[Data under study Boundary: Start]

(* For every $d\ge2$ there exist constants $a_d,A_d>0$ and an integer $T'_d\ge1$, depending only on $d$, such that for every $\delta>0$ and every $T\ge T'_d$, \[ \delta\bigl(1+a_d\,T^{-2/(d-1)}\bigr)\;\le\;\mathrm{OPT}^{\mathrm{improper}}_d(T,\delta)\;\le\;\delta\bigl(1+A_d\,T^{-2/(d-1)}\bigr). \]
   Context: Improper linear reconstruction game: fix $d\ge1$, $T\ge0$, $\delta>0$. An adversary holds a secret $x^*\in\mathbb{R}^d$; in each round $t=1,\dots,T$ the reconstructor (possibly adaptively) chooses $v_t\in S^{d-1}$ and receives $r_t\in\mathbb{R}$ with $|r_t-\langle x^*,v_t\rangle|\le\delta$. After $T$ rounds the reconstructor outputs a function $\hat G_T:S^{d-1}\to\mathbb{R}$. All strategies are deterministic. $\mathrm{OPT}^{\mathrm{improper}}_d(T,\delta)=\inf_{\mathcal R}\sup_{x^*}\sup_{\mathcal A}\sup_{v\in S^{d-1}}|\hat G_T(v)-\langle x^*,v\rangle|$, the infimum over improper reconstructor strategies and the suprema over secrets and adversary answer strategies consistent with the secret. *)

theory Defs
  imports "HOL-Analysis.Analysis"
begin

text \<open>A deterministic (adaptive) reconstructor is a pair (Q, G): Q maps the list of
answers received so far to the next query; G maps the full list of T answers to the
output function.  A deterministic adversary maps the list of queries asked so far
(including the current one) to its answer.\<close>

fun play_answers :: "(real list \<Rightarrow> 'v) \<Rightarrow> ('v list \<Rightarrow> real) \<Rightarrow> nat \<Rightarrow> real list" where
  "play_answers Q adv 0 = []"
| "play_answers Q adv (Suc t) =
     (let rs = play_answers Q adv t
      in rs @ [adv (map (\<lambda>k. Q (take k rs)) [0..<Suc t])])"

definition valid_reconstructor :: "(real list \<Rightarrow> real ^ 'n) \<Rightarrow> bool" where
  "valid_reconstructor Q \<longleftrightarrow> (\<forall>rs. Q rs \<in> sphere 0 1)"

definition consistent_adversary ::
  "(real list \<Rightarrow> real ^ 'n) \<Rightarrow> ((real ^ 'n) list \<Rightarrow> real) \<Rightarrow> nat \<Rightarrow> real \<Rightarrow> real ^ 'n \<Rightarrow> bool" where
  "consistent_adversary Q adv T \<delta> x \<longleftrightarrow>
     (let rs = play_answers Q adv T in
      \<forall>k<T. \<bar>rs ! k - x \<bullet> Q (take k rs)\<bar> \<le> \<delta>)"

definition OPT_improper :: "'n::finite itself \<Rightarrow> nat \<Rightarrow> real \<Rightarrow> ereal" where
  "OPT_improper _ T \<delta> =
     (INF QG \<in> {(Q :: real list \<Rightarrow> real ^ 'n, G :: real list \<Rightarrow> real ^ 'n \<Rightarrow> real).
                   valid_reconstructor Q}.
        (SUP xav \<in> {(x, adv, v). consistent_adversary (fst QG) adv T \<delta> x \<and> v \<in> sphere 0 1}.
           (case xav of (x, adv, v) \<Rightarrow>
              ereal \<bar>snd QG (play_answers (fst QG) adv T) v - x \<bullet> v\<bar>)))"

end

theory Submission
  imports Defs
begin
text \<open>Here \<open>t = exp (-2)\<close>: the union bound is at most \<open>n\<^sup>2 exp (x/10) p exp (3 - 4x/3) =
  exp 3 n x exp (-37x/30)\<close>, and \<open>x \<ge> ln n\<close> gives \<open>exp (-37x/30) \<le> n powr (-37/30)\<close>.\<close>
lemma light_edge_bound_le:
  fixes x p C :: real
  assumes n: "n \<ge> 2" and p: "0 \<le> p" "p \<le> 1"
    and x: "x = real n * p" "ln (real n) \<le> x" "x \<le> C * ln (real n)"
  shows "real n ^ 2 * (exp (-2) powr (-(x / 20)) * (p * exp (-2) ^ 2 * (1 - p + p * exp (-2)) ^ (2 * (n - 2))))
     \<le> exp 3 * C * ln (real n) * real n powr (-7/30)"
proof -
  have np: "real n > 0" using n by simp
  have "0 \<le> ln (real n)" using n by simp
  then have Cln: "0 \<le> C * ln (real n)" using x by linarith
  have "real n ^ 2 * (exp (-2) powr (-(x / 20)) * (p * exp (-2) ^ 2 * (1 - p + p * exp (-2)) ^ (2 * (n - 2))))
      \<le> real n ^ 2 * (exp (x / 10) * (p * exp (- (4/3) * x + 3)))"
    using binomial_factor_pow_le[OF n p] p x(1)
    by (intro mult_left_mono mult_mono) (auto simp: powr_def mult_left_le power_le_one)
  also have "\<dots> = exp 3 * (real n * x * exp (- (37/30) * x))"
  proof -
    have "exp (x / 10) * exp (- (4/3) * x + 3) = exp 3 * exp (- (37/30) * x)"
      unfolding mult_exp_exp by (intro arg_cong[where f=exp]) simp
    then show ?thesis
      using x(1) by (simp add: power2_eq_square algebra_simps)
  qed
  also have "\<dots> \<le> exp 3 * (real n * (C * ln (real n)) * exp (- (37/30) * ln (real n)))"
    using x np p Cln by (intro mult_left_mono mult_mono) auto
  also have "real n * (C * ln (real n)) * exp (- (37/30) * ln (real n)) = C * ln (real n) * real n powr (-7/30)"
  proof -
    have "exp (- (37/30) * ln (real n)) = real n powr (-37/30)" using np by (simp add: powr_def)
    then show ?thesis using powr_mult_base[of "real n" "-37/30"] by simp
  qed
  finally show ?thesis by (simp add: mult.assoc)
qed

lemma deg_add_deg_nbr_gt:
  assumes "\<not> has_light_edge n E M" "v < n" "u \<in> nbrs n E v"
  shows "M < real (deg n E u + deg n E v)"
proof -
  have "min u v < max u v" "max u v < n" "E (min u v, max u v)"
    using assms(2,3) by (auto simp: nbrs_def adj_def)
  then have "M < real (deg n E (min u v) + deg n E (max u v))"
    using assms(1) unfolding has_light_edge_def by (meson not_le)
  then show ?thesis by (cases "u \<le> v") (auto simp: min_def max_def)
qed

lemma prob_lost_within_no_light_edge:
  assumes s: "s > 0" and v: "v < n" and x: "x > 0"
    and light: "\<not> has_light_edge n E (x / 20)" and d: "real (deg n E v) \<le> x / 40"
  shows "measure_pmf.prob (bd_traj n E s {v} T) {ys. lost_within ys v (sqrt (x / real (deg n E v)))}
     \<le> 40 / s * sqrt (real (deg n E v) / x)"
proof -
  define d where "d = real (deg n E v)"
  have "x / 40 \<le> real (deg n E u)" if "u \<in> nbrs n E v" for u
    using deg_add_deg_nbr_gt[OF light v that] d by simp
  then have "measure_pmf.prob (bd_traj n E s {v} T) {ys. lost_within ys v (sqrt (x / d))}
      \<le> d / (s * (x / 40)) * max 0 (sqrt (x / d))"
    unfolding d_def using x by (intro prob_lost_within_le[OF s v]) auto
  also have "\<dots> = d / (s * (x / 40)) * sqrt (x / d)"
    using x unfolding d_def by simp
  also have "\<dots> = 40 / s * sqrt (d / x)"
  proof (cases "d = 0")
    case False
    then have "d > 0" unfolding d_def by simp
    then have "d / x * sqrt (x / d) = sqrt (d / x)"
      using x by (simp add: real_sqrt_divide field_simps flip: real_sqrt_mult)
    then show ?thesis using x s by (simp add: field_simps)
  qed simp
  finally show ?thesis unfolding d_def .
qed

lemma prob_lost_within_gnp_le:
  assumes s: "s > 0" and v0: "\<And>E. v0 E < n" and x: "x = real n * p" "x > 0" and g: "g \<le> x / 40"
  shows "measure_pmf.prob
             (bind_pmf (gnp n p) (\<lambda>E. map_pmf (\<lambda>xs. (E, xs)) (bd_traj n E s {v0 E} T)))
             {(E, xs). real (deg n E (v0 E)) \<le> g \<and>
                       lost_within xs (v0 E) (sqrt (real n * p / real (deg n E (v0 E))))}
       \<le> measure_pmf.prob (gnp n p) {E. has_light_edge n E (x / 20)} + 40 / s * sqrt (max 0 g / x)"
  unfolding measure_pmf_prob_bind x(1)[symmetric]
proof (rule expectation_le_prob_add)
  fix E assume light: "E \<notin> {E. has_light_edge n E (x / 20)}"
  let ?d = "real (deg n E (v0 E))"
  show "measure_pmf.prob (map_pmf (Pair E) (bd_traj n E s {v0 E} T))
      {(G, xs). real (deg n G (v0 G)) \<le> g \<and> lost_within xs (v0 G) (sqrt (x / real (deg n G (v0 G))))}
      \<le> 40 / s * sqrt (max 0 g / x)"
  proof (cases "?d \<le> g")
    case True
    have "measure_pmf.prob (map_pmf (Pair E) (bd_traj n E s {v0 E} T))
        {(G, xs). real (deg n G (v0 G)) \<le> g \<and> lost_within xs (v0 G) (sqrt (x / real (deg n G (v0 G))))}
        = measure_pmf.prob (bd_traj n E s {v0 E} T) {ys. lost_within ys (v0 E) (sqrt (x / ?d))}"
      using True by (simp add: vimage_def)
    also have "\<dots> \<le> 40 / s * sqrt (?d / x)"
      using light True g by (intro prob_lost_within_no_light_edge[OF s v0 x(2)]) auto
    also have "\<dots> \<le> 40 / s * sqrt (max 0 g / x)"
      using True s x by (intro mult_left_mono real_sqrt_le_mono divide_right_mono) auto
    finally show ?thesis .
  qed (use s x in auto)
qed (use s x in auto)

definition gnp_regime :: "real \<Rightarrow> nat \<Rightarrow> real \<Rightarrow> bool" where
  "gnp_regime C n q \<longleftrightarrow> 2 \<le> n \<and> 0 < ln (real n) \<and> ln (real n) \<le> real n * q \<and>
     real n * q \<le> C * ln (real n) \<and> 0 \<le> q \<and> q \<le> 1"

[Data under study Boundary: End]

- _Exercise objective_: Copy out each line of the entries where the word "mathrm" is found.

- _Result_:
(* For every $d\ge2$ there exist constants $a_d,A_d>0$ and an integer $T'_d\ge1$, depending only on $d$, such that for every $\delta>0$ and every $T\ge T'_d$, \[ \delta\bigl(1+a_d\,T^{-2/(d-1)}\bigr)\;\le\;\mathrm{OPT}^{\mathrm{improper}}_d(T,\delta)\;\le\;\delta\bigl(1+A_d\,T^{-2/(d-1)}\bigr). \]
   Context: Improper linear reconstruction game: fix $d\ge1$, $T\ge0$, $\delta>0$. An adversary holds a secret $x^*\in\mathbb{R}^d$; in each round $t=1,\dots,T$ the reconstructor (possibly adaptively) chooses $v_t\in S^{d-1}$ and receives $r_t\in\mathbb{R}$ with $|r_t-\langle x^*,v_t\rangle|\le\delta$. After $T$ rounds the reconstructor outputs a function $\hat G_T:S^{d-1}\to\mathbb{R}$. All strategies are deterministic. $\mathrm{OPT}^{\mathrm{improper}}_d(T,\delta)=\inf_{\mathcal R}\sup_{x^*}\sup_{\mathcal A}\sup_{v\in S^{d-1}}|\hat G_T(v)-\langle x^*,v\rangle|$, the infimum over improper reconstructor strategies and the suprema over secrets and adversary answer strategies consistent with the secret. *)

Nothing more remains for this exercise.